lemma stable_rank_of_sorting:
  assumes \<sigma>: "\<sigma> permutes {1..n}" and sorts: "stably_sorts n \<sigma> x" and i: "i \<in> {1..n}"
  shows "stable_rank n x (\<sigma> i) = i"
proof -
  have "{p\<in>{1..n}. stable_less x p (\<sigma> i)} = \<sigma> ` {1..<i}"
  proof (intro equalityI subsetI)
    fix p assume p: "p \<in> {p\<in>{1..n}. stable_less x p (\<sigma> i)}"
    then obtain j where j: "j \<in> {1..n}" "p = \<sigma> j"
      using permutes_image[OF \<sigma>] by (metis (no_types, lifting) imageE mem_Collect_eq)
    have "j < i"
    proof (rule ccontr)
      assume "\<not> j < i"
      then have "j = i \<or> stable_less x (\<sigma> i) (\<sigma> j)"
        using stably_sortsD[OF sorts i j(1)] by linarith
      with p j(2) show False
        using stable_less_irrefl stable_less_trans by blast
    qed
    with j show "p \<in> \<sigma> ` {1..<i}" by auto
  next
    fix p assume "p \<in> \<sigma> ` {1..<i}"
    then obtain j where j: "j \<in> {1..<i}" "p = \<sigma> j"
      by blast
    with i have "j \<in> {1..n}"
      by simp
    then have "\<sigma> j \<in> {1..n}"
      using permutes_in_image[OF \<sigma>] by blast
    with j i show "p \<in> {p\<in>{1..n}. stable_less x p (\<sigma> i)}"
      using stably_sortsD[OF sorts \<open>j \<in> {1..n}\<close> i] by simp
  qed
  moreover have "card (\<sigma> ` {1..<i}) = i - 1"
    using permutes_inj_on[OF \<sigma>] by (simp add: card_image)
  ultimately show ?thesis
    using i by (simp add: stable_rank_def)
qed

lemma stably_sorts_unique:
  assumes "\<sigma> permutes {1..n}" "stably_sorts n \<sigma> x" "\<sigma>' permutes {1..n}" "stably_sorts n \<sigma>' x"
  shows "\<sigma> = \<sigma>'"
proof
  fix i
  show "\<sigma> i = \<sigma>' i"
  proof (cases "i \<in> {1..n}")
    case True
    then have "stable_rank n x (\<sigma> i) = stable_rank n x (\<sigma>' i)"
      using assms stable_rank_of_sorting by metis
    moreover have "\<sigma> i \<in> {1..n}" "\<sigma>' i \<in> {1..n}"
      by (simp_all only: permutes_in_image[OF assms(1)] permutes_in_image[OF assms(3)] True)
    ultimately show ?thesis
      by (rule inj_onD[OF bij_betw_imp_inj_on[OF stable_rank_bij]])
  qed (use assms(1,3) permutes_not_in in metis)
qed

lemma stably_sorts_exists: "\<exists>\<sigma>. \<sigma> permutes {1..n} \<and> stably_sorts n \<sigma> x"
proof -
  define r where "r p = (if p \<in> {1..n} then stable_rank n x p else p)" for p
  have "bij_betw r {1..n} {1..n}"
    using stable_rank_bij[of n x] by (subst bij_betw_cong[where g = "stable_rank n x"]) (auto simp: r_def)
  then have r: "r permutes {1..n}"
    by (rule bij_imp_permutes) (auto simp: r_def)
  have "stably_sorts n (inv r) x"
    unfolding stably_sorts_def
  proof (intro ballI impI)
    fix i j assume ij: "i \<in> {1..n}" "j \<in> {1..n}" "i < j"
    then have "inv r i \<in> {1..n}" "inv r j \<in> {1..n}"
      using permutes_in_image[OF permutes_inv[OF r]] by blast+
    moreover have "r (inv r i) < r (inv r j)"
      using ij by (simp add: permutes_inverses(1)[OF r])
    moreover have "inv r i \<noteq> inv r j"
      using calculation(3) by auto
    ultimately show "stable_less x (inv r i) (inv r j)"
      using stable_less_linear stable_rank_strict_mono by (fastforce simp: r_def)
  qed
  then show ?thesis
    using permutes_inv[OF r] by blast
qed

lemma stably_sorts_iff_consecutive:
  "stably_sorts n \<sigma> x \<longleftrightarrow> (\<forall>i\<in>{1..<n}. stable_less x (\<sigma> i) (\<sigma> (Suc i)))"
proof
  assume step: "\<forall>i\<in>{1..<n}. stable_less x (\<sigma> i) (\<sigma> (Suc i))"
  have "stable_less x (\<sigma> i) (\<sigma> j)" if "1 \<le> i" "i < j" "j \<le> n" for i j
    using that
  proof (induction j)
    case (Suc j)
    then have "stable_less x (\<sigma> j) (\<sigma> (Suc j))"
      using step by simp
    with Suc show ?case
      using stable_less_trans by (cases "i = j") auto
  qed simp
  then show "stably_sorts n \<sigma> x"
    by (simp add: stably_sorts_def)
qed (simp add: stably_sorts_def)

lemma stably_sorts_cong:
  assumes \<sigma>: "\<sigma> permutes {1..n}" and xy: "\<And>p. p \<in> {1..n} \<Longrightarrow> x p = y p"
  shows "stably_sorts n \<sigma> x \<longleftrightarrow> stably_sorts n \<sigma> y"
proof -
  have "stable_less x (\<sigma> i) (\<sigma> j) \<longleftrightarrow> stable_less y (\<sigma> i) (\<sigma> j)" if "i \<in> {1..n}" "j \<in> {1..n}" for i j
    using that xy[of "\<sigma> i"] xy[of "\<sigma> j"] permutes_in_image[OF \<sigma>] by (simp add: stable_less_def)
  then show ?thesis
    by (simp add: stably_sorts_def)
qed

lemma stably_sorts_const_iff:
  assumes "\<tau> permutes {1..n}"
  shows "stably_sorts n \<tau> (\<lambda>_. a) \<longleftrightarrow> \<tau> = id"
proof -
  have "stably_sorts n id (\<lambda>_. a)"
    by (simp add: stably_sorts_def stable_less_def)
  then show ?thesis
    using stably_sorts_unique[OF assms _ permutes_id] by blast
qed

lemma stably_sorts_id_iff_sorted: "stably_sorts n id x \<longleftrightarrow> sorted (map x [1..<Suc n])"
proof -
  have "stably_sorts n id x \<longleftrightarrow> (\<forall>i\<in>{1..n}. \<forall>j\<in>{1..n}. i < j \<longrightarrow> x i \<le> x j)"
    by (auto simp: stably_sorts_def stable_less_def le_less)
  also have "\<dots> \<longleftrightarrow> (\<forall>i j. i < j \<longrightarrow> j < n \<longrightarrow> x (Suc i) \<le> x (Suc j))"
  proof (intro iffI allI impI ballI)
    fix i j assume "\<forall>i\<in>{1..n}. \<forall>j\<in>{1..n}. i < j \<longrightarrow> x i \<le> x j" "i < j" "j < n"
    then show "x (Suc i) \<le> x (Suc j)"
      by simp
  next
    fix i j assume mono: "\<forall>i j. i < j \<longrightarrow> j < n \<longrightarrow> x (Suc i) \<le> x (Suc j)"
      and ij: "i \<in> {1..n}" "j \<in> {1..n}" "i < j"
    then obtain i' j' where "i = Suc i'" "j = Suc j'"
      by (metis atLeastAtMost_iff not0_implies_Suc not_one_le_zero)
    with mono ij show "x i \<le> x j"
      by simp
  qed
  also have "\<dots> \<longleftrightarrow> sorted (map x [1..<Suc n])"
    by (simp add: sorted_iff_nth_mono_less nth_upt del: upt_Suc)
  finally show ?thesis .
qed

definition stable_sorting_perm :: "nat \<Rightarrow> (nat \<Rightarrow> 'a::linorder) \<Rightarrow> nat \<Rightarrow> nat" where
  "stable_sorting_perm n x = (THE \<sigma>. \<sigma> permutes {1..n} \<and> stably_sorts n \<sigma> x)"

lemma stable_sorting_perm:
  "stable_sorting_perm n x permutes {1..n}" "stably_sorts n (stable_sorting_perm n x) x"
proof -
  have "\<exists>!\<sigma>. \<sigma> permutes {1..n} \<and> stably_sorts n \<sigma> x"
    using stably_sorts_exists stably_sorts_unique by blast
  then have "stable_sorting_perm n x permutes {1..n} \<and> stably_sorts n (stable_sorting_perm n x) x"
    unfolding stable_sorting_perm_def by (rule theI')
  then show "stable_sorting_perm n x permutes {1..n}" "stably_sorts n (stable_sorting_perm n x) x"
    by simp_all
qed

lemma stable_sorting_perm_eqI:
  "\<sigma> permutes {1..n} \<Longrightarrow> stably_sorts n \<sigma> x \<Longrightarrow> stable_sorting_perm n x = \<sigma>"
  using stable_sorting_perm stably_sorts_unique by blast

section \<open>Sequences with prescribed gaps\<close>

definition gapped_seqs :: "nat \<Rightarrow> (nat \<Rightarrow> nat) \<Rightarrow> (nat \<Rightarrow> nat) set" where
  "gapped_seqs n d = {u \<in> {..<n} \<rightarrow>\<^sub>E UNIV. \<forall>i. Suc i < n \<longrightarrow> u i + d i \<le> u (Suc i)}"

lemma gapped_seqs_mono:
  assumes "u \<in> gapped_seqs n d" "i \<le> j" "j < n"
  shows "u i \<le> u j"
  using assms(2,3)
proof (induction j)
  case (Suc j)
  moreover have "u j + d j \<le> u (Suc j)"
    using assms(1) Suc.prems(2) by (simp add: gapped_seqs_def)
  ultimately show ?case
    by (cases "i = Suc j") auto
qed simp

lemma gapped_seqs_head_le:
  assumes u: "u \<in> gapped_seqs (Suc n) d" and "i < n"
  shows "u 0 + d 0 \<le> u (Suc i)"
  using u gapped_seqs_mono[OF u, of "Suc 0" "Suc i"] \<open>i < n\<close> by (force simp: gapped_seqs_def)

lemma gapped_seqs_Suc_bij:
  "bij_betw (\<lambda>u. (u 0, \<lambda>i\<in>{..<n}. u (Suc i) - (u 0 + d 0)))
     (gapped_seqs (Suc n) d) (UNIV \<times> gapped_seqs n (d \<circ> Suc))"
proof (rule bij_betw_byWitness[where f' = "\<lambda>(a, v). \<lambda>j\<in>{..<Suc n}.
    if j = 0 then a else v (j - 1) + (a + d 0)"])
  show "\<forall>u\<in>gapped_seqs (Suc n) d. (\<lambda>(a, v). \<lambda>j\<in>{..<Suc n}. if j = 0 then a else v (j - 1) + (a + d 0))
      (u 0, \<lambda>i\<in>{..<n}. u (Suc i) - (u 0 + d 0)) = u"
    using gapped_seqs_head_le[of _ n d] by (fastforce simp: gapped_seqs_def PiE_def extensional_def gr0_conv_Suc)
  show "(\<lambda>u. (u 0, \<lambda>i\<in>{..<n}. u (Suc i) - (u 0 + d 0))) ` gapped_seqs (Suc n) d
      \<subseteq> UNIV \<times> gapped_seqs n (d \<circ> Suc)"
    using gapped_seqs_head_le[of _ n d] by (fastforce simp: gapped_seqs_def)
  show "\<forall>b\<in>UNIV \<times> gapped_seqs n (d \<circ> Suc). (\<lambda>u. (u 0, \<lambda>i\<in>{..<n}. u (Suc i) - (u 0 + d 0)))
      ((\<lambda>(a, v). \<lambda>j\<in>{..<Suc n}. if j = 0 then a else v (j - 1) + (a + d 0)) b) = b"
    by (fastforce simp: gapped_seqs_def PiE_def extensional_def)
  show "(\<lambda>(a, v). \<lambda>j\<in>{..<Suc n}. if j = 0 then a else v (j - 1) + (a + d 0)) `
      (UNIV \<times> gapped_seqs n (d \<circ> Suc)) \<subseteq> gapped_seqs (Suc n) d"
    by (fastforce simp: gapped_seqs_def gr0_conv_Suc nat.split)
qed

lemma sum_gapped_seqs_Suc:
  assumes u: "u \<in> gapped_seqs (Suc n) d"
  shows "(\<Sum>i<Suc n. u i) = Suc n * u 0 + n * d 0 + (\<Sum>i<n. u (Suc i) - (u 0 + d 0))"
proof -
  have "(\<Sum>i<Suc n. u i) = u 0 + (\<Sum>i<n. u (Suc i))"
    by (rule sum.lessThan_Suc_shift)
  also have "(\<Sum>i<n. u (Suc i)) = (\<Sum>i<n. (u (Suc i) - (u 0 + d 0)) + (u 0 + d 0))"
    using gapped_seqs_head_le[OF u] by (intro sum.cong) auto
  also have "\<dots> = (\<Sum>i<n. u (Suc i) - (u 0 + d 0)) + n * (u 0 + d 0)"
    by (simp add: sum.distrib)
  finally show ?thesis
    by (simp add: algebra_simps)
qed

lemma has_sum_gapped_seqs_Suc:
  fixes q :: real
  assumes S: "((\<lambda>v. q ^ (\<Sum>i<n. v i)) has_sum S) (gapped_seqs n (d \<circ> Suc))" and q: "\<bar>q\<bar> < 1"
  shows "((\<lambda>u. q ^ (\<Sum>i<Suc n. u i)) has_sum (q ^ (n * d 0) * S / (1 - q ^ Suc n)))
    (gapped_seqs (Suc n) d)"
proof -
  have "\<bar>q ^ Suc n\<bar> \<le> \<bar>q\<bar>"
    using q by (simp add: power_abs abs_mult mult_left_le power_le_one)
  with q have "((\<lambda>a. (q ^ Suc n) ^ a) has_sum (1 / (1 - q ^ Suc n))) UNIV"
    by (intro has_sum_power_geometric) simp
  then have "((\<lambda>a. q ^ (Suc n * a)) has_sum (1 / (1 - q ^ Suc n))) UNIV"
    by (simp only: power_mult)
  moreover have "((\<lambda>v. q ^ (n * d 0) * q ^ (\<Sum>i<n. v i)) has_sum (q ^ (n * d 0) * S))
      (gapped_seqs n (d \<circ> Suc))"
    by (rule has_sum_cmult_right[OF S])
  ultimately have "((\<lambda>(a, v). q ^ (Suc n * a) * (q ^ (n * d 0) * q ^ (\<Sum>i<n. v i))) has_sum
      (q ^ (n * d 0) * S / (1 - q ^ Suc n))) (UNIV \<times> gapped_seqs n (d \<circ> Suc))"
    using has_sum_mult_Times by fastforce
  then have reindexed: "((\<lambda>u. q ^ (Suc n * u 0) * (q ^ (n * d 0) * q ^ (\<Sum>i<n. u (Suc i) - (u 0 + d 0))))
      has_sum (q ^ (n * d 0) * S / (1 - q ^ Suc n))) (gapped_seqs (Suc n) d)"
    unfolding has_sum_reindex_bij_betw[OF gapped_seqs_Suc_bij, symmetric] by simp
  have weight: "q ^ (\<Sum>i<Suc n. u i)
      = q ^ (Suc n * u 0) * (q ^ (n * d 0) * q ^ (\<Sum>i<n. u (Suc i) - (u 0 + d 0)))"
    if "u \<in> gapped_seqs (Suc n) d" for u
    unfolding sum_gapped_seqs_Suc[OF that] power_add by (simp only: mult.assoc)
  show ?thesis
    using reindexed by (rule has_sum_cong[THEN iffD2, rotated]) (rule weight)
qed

▶ Task requirements:
Print exactly the lines of the listing above starting at the line containing "nat) \<Rightarrow> (nat" and ending at the line containing "PiE_def extensional_def gr0_conv_Suc)", both included.

▶ Reply:
definition gapped_seqs :: "nat \<Rightarrow> (nat \<Rightarrow> nat) \<Rightarrow> (nat \<Rightarrow> nat) set" where
  "gapped_seqs n d = {u \<in> {..<n} \<rightarrow>\<^sub>E UNIV. \<forall>i. Suc i < n \<longrightarrow> u i + d i \<le> u (Suc i)}"

lemma gapped_seqs_mono:
  assumes "u \<in> gapped_seqs n d" "i \<le> j" "j < n"
  shows "u i \<le> u j"
  using assms(2,3)
proof (induction j)
  case (Suc j)
  moreover have "u j + d j \<le> u (Suc j)"
    using assms(1) Suc.prems(2) by (simp add: gapped_seqs_def)
  ultimately show ?case
    by (cases "i = Suc j") auto
qed simp

lemma gapped_seqs_head_le:
  assumes u: "u \<in> gapped_seqs (Suc n) d" and "i < n"
  shows "u 0 + d 0 \<le> u (Suc i)"
  using u gapped_seqs_mono[OF u, of "Suc 0" "Suc i"] \<open>i < n\<close> by (force simp: gapped_seqs_def)

lemma gapped_seqs_Suc_bij:
  "bij_betw (\<lambda>u. (u 0, \<lambda>i\<in>{..<n}. u (Suc i) - (u 0 + d 0)))
     (gapped_seqs (Suc n) d) (UNIV \<times> gapped_seqs n (d \<circ> Suc))"
proof (rule bij_betw_byWitness[where f' = "\<lambda>(a, v). \<lambda>j\<in>{..<Suc n}.
    if j = 0 then a else v (j - 1) + (a + d 0)"])
  show "\<forall>u\<in>gapped_seqs (Suc n) d. (\<lambda>(a, v). \<lambda>j\<in>{..<Suc n}. if j = 0 then a else v (j - 1) + (a + d 0))
      (u 0, \<lambda>i\<in>{..<n}. u (Suc i) - (u 0 + d 0)) = u"
    using gapped_seqs_head_le[of _ n d] by (fastforce simp: gapped_seqs_def PiE_def extensional_def gr0_conv_Suc)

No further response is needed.